- _Your assignment_
Among the entries below, count each line holding the word "using". Write only the number.

- _Material provided_

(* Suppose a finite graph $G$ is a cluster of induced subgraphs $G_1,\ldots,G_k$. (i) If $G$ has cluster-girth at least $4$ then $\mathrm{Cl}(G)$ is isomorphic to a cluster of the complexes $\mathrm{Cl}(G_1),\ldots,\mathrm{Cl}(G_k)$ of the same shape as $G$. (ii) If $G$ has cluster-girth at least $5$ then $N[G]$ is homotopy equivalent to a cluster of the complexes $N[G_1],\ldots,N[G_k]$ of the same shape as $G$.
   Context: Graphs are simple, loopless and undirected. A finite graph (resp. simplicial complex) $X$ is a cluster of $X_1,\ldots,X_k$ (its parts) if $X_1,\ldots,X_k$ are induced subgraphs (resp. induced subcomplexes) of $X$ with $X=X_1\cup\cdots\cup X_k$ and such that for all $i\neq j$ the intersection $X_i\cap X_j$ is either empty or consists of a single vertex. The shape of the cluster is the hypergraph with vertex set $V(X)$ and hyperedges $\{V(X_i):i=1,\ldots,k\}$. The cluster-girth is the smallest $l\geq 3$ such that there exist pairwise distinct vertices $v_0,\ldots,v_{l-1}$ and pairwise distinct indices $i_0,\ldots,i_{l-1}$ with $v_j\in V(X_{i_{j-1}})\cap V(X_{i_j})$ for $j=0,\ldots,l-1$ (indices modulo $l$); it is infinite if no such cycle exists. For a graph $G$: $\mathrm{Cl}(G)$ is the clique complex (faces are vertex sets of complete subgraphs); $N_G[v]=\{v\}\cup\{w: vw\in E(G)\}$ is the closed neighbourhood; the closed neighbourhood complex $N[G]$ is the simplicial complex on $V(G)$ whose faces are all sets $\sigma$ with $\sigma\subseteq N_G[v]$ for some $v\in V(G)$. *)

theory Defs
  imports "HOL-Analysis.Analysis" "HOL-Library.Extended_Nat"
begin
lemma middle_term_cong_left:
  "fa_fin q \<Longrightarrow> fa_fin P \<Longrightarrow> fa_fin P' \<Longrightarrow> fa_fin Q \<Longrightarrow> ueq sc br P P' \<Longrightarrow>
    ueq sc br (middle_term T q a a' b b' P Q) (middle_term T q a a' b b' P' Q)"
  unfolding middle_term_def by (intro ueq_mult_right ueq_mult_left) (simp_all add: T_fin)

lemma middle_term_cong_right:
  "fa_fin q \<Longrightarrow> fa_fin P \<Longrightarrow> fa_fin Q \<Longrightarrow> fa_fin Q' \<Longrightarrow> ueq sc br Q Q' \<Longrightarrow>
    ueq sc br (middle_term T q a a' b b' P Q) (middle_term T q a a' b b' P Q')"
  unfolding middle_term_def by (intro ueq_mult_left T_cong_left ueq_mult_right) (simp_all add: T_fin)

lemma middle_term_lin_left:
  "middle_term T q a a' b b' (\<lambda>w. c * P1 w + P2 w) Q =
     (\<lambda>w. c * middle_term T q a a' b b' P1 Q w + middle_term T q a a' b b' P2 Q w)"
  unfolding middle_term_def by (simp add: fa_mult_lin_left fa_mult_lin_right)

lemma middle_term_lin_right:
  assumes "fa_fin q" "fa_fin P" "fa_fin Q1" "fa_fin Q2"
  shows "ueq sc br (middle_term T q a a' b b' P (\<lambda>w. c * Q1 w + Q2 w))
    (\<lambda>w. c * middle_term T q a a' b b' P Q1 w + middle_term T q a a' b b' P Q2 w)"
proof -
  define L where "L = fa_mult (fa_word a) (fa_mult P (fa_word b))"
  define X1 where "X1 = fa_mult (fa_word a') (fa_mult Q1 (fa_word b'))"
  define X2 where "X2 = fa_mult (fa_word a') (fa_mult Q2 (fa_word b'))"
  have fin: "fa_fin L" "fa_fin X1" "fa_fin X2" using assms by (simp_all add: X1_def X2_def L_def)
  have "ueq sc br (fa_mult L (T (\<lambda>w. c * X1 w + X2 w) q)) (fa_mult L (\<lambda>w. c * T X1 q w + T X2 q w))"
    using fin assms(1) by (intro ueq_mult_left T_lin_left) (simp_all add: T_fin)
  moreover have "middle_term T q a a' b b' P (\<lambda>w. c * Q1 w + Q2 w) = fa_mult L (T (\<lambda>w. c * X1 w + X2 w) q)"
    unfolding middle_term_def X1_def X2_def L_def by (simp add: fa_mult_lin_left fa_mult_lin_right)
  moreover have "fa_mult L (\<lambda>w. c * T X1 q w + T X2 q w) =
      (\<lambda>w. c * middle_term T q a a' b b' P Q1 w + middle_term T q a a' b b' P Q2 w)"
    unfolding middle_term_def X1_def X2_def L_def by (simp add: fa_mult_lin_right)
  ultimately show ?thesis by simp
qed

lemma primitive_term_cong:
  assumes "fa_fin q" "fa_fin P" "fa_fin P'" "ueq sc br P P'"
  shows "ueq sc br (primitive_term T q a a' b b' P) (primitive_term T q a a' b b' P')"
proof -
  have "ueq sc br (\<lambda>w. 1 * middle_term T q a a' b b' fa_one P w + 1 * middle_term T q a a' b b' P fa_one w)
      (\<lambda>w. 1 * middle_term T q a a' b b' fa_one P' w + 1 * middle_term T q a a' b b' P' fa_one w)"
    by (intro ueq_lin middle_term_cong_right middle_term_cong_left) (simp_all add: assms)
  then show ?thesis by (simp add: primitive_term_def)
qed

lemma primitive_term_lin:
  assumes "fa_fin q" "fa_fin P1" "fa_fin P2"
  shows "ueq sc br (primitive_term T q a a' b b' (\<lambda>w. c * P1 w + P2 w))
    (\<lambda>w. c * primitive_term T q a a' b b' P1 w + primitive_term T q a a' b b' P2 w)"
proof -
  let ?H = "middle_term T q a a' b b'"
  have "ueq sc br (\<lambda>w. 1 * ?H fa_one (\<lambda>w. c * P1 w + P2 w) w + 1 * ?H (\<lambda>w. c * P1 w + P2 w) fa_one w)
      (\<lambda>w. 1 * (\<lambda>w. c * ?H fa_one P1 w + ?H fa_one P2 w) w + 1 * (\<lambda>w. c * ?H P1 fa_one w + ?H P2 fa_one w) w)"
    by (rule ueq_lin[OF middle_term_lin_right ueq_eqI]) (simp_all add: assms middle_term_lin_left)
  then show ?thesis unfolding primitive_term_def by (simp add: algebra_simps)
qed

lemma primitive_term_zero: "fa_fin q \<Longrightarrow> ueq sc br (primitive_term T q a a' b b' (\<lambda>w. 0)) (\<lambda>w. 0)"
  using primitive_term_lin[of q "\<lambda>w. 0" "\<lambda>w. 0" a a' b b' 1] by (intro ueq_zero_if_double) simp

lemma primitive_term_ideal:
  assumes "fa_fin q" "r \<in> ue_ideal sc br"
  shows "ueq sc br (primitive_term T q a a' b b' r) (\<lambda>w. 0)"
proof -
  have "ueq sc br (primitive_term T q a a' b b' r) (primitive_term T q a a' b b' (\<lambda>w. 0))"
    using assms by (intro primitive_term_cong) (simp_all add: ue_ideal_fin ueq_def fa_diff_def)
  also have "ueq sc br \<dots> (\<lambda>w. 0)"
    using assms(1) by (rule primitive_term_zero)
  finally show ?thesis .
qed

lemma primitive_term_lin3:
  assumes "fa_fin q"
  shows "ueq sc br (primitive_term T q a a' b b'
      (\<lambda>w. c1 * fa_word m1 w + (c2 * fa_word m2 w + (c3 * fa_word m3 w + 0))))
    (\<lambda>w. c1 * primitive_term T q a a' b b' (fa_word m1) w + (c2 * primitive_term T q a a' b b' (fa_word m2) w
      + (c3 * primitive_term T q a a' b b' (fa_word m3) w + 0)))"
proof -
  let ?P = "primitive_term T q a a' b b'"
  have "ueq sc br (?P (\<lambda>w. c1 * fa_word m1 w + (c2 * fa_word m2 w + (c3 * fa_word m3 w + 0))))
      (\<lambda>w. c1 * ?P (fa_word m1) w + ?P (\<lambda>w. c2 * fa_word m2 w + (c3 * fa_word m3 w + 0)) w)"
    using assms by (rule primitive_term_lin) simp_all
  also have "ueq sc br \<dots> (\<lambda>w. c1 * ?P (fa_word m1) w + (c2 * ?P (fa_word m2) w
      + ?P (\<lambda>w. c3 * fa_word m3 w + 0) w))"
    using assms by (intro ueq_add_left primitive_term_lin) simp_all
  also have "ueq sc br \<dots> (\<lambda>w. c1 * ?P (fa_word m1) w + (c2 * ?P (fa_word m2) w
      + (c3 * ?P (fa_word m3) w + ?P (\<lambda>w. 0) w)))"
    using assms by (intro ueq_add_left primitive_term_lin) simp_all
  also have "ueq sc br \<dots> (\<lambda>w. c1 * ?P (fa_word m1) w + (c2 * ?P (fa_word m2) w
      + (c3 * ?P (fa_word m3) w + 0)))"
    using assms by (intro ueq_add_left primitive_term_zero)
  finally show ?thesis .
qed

- _Answer for this exercise_
9